== Segment start ==

(* Let $m\ge3$, $X=\{0,1,\dots,m-1\}$, $a_m=(0\,1\,\cdots\,m{-}1)$ and $a_2=(0\,1)$. Let $G=\langle A\cup B\rangle$ be a CS group with rooted group $A=\mathrm{Sym}(X)$ acting naturally, and suppose $B$ has a generating set $S$ such that, among the family of sections $(b|_x)_{b\in S,\,x\in\dot X}$, exactly one entry equals $a_m$, exactly two entries equal $a_2$, and all other entries are trivial. Then $G$ is not periodic.
   Context: $X^*$ is the free monoid on $X$ viewed as a rooted tree with distinguished letter $0$, $\dot X=X\setminus\{0\}$; $\mathrm{Aut}(X^* )$ acts on the right; sections are defined by $(u\star v).g=u.g\star v.(g|_u)$; permutations of $X$ are rooted automorphisms; $\mathrm{St}(1)$ is the first layer stabiliser. A CS group is $\langle A\cup B\rangle$ with $A\le\mathrm{Sym}(X)$ transitive and $B\le\mathrm{St}(1)$ such that $b|_0=b$ for all $b\in B$ and the elements $b|_x$ ($b\in B$, $x\in\dot X$) lie in $A$ and generate $A$. Periodic: every element has finite order. *)

theory Defs
  imports "HOL-Combinatorics.Permutations"
begin

text \<open>The action is a right action, so u.(gh) = h (g u), i.e. gh is  h \<circ> g.\<close>

definition words :: "nat \<Rightarrow> nat list set" where
  "words m = {w. set w \<subseteq> {..<m}}"

definition is_aut :: "nat \<Rightarrow> (nat list \<Rightarrow> nat list) \<Rightarrow> bool" where
  "is_aut m g \<longleftrightarrow> bij_betw g (words m) (words m)
     \<and> (\<forall>w\<in>words m. length (g w) = length w)
     \<and> (\<forall>u\<in>words m. \<forall>v\<in>words m. take (length u) (g (u @ v)) = g u)
     \<and> (\<forall>w. w \<notin> words m \<longrightarrow> g w = w)"

definition Aut :: "nat \<Rightarrow> (nat list \<Rightarrow> nat list) set" where
  "Aut m = {g. is_aut m g}"

text \<open>Section g|_u, defined by (u v).g = (u.g)(v.(g|_u)).\<close>
definition sec :: "nat \<Rightarrow> (nat list \<Rightarrow> nat list) \<Rightarrow> nat list \<Rightarrow> (nat list \<Rightarrow> nat list)" where
  "sec m g u = (\<lambda>v. if v \<in> words m then drop (length u) (g (u @ v)) else v)"

definition rooted :: "nat \<Rightarrow> (nat \<Rightarrow> nat) \<Rightarrow> (nat list \<Rightarrow> nat list)" where
  "rooted m \<sigma> = (\<lambda>w. if w \<in> words m then (case w of [] \<Rightarrow> [] | x # v \<Rightarrow> \<sigma> x # v) else w)"

definition SymRooted :: "nat \<Rightarrow> (nat list \<Rightarrow> nat list) set" where
  "SymRooted m = {rooted m \<sigma> | \<sigma>. \<sigma> permutes {..<m}}"

definition St1 :: "nat \<Rightarrow> (nat list \<Rightarrow> nat list) set" where
  "St1 m = {g \<in> Aut m. \<forall>x<m. g [x] = [x]}"

inductive_set gen :: "('a \<Rightarrow> 'a) set \<Rightarrow> ('a \<Rightarrow> 'a) set" for S where
  gen_id: "id \<in> gen S"
| gen_mult: "g \<in> gen S \<Longrightarrow> s \<in> S \<Longrightarrow> s \<circ> g \<in> gen S"
| gen_inv: "g \<in> gen S \<Longrightarrow> s \<in> S \<Longrightarrow> inv s \<circ> g \<in> gen S"

definition periodic :: "('a \<Rightarrow> 'a) set \<Rightarrow> bool" where
  "periodic G \<longleftrightarrow> (\<forall>g\<in>G. \<exists>n>0. g ^^ n = id)"

definition a_cyc :: "nat \<Rightarrow> (nat list \<Rightarrow> nat list)" where
  "a_cyc m = rooted m (\<lambda>x. if x < m then (x + 1) mod m else x)"

definition a_two :: "nat \<Rightarrow> (nat list \<Rightarrow> nat list)" where
  "a_two m = rooted m (\<lambda>x. if x = 0 then 1 else if x = 1 then 0 else x)"

end

theory Submission
  imports Defs
begin

text \<open>
  Each generator b \<in> S is directed: it fixes the first level, b|_0 = b, and b|_x is the rooted
  automorphism of a permutation p x. Let \<alpha> be a permutation of X under which 0 lies on a cycle
  0 = y_0, y_1, ..., y_n = 0 of length n \<ge> 2, and put g = \<alpha> b (first \<alpha>, then b). Then g^n fixes
  the letter 0 and its section there is the rooted automorphism of p(y_{n-1}) \<circ> \<cdots> \<circ> p(y_1),
  followed by b; if this ordered product of sections equals \<alpha>, the section is g itself. Such a g
  has infinite order: if g^k = 1 then the orbit of 0 forces n | k, and then g^(k/n) = 1, which gives
  an infinite descent.
  Under the hypothesis on S there are only a few configurations of the three nontrivial sections, and
  in each of them a generator or a product of two generators, together with one of
  \<alpha> = a_m, a_2, a_2 a_m a_2, has this property.
\<close>

lemma words_Cons [simp]: "x # v \<in> words m \<longleftrightarrow> x < m \<and> v \<in> words m"
  by (auto simp: words_def)

lemma words_Nil [simp]: "[] \<in> words m"
  by (simp add: words_def)

lemma rooted_Cons [simp]: "x < m \<Longrightarrow> v \<in> words m \<Longrightarrow> rooted m f (x # v) = f x # v"
  by (simp add: rooted_def)

lemma rooted_outside_words: "w \<notin> words m \<Longrightarrow> rooted m f w = w"
  by (simp add: rooted_def)

lemma rooted_id [simp]: "rooted m id = id"
  by (auto simp: rooted_def split: list.split)

lemma rooted_in_words: "v \<in> words m \<Longrightarrow> \<forall>z<m. f z < m \<Longrightarrow> rooted m f v \<in> words m"
  by (cases v) (auto simp: rooted_def)

lemma rooted_comp: "\<forall>z<m. g z < m \<Longrightarrow> rooted m f \<circ> rooted m g = rooted m (f \<circ> g)"
proof
  fix w assume "\<forall>z<m. g z < m"
  then show "(rooted m f \<circ> rooted m g) w = rooted m (f \<circ> g) w"
    by (cases w) (auto simp: rooted_def)
qed

fun comp_upto :: "(nat \<Rightarrow> 'a \<Rightarrow> 'a) \<Rightarrow> nat \<Rightarrow> 'a \<Rightarrow> 'a" where
  "comp_upto f 0 = id"
| "comp_upto f (Suc j) = f (Suc j) \<circ> comp_upto f j"

lemma comp_upto_closed: "\<forall>k z. z < m \<longrightarrow> f k z < m \<Longrightarrow> z < m \<Longrightarrow> comp_upto f j z < m"
  by (induction j arbitrary: z) auto

lemma comp_upto_cong: "\<forall>k. 0 < k \<and> k \<le> j \<longrightarrow> f k = g k \<Longrightarrow> comp_upto f j = comp_upto g j"
  by (induction j) auto

lemma comp_upto_trivial_factors:
  "i \<le> j \<Longrightarrow> \<forall>k. i < k \<and> k \<le> j \<longrightarrow> f k = id \<Longrightarrow> comp_upto f j = comp_upto f i"
  by (induction j) (auto simp: le_Suc_eq)

lemma comp_upto_single_factor:
  assumes "i < q" "q \<le> N" "\<forall>k. i < k \<and> k \<le> N \<and> k \<noteq> q \<longrightarrow> f k = id"
  shows "comp_upto f N = f q \<circ> comp_upto f i"
proof -
  obtain q' where q': "q = Suc q'" using assms(1) by (cases q) auto
  have "comp_upto f N = comp_upto f q"
    using comp_upto_trivial_factors[of q N f] assms by auto
  also have "comp_upto f q' = comp_upto f i"
    using comp_upto_trivial_factors[of i q' f] assms q' by auto
  ultimately show ?thesis using q' by simp
qed

lemma comp_upto_one_factor:
  "0 < q \<Longrightarrow> q \<le> N \<Longrightarrow> \<forall>k. 0 < k \<and> k \<le> N \<and> k \<noteq> q \<longrightarrow> f k = id
    \<Longrightarrow> comp_upto f N = f q"
  using comp_upto_single_factor[of 0 q N f] by simp

lemma comp_upto_two_factors:
  "0 < q1 \<Longrightarrow> q1 < q2 \<Longrightarrow> q2 \<le> N \<Longrightarrow> \<forall>k. 0 < k \<and> k \<le> N \<and> k \<notin> {q1, q2} \<longrightarrow> f k = id
    \<Longrightarrow> comp_upto f N = f q2 \<circ> f q1"
  using comp_upto_single_factor[of q1 q2 N f] comp_upto_one_factor[of q1 q1 f] by simp

lemma comp_upto_three_factors:
  "0 < q1 \<Longrightarrow> q1 < q2 \<Longrightarrow> q2 < q3 \<Longrightarrow> q3 \<le> N
    \<Longrightarrow> \<forall>k. 0 < k \<and> k \<le> N \<and> k \<notin> {q1, q2, q3} \<longrightarrow> f k = id
    \<Longrightarrow> comp_upto f N = f q3 \<circ> f q2 \<circ> f q1"
  using comp_upto_single_factor[of q2 q3 N f] comp_upto_two_factors[of q1 q2 q2 f]
  by (simp add: o_assoc)

definition infinite_order :: "('a \<Rightarrow> 'a) \<Rightarrow> bool" where
  "infinite_order g \<longleftrightarrow> (\<forall>k>0. g ^^ k \<noteq> id)"

lemma infinite_order_if_section_recurs:
  fixes g :: "'a list \<Rightarrow> 'a list"
  assumes n: "2 \<le> n"
    and closed: "\<forall>v\<in>W. g v \<in> W" and "[] \<in> W"
    and outside: "\<forall>w. w \<notin> W \<longrightarrow> g w = w"
    and recurs: "\<forall>v\<in>W. (g ^^ n) (a # v) = a # g v"
    and moves: "\<forall>v\<in>W. \<forall>r. 0 < r \<and> r < n \<longrightarrow> hd ((g ^^ r) (a # v)) \<noteq> a"
  shows "infinite_order g"
proof -
  have power_closed: "(g ^^ q) v \<in> W" if "v \<in> W" for q v
    using that closed by (induction q) auto
  have power_outside: "(g ^^ q) w = w" if "w \<notin> W" for q w
    using that outside by (induction q) auto
  have power_recurs: "(g ^^ (q * n)) (a # v) = a # (g ^^ q) v" if "v \<in> W" for q v
    using that by (induction q) (auto simp: funpow_add power_closed recurs)
  have "g ^^ k \<noteq> id" if "0 < k" for k
    using that
  proof (induction k rule: less_induct)
    case (less k)
    show ?case
    proof
      assume id: "g ^^ k = id"
      define q r where "q = k div n" and "r = k mod n"
      have k: "k = r + q * n" and "r < n" using n by (simp_all add: q_def r_def)
      have "[a] = (g ^^ r) ((g ^^ (q * n)) [a])"
        using id by (metis comp_apply funpow_add id_apply k)
      also have "\<dots> = (g ^^ r) (a # (g ^^ q) [])"
        using power_recurs \<open>[] \<in> W\<close> by simp
      finally have "hd ((g ^^ r) (a # (g ^^ q) [])) = a"
        by (metis list.sel(1))
      then have "r = 0"
        using moves power_closed[OF \<open>[] \<in> W\<close>] \<open>r < n\<close> by fastforce
      then have "0 < q" "q < k" using less.prems k n by auto
      moreover have "g ^^ q = id"
      proof
        fix w show "(g ^^ q) w = id w"
          using id power_recurs[of w q] power_outside[of w q] by (cases "w \<in> W") (auto simp: k \<open>r = 0\<close>)
      qed
      ultimately show False using less.IH by blast
    qed
  qed
  then show ?thesis by (simp add: infinite_order_def)
qed

definition directed :: "nat \<Rightarrow> (nat list \<Rightarrow> nat list) \<Rightarrow> (nat \<Rightarrow> nat \<Rightarrow> nat) \<Rightarrow> bool" where
  "directed m b p \<longleftrightarrow> (\<forall>v\<in>words m. b (0 # v) = 0 # b v)
    \<and> (\<forall>x\<in>{1..<m}. \<forall>v\<in>words m. b (x # v) = x # rooted m (p x) v)
    \<and> (\<forall>v\<in>words m. b v \<in> words m) \<and> (\<forall>w. w \<notin> words m \<longrightarrow> b w = w)
    \<and> (\<forall>x z. z < m \<longrightarrow> p x z < m)"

== Segment end ==

Task statement
Please, from the material above, copy only the lines from the line with "Each generator b" up to and including the line with "(Suc j) \<circ>", exactly as written.

Task answer
  Each generator b \<in> S is directed: it fixes the first level, b|_0 = b, and b|_x is the rooted
  automorphism of a permutation p x. Let \<alpha> be a permutation of X under which 0 lies on a cycle
  0 = y_0, y_1, ..., y_n = 0 of length n \<ge> 2, and put g = \<alpha> b (first \<alpha>, then b). Then g^n fixes
  the letter 0 and its section there is the rooted automorphism of p(y_{n-1}) \<circ> \<cdots> \<circ> p(y_1),
  followed by b; if this ordered product of sections equals \<alpha>, the section is g itself. Such a g
  has infinite order: if g^k = 1 then the orbit of 0 forces n | k, and then g^(k/n) = 1, which gives
  an infinite descent.
  Under the hypothesis on S there are only a few configurations of the three nontrivial sections, and
  in each of them a generator or a product of two generators, together with one of
  \<alpha> = a_m, a_2, a_2 a_m a_2, has this property.
\<close>

lemma words_Cons [simp]: "x # v \<in> words m \<longleftrightarrow> x < m \<and> v \<in> words m"
  by (auto simp: words_def)

lemma words_Nil [simp]: "[] \<in> words m"
  by (simp add: words_def)

lemma rooted_Cons [simp]: "x < m \<Longrightarrow> v \<in> words m \<Longrightarrow> rooted m f (x # v) = f x # v"
  by (simp add: rooted_def)

lemma rooted_outside_words: "w \<notin> words m \<Longrightarrow> rooted m f w = w"
  by (simp add: rooted_def)

lemma rooted_id [simp]: "rooted m id = id"
  by (auto simp: rooted_def split: list.split)

lemma rooted_in_words: "v \<in> words m \<Longrightarrow> \<forall>z<m. f z < m \<Longrightarrow> rooted m f v \<in> words m"
  by (cases v) (auto simp: rooted_def)

lemma rooted_comp: "\<forall>z<m. g z < m \<Longrightarrow> rooted m f \<circ> rooted m g = rooted m (f \<circ> g)"
proof
  fix w assume "\<forall>z<m. g z < m"
  then show "(rooted m f \<circ> rooted m g) w = rooted m (f \<circ> g) w"
    by (cases w) (auto simp: rooted_def)
qed

fun comp_upto :: "(nat \<Rightarrow> 'a \<Rightarrow> 'a) \<Rightarrow> nat \<Rightarrow> 'a \<Rightarrow> 'a" where
  "comp_upto f 0 = id"
| "comp_upto f (Suc j) = f (Suc j) \<circ> comp_upto f j"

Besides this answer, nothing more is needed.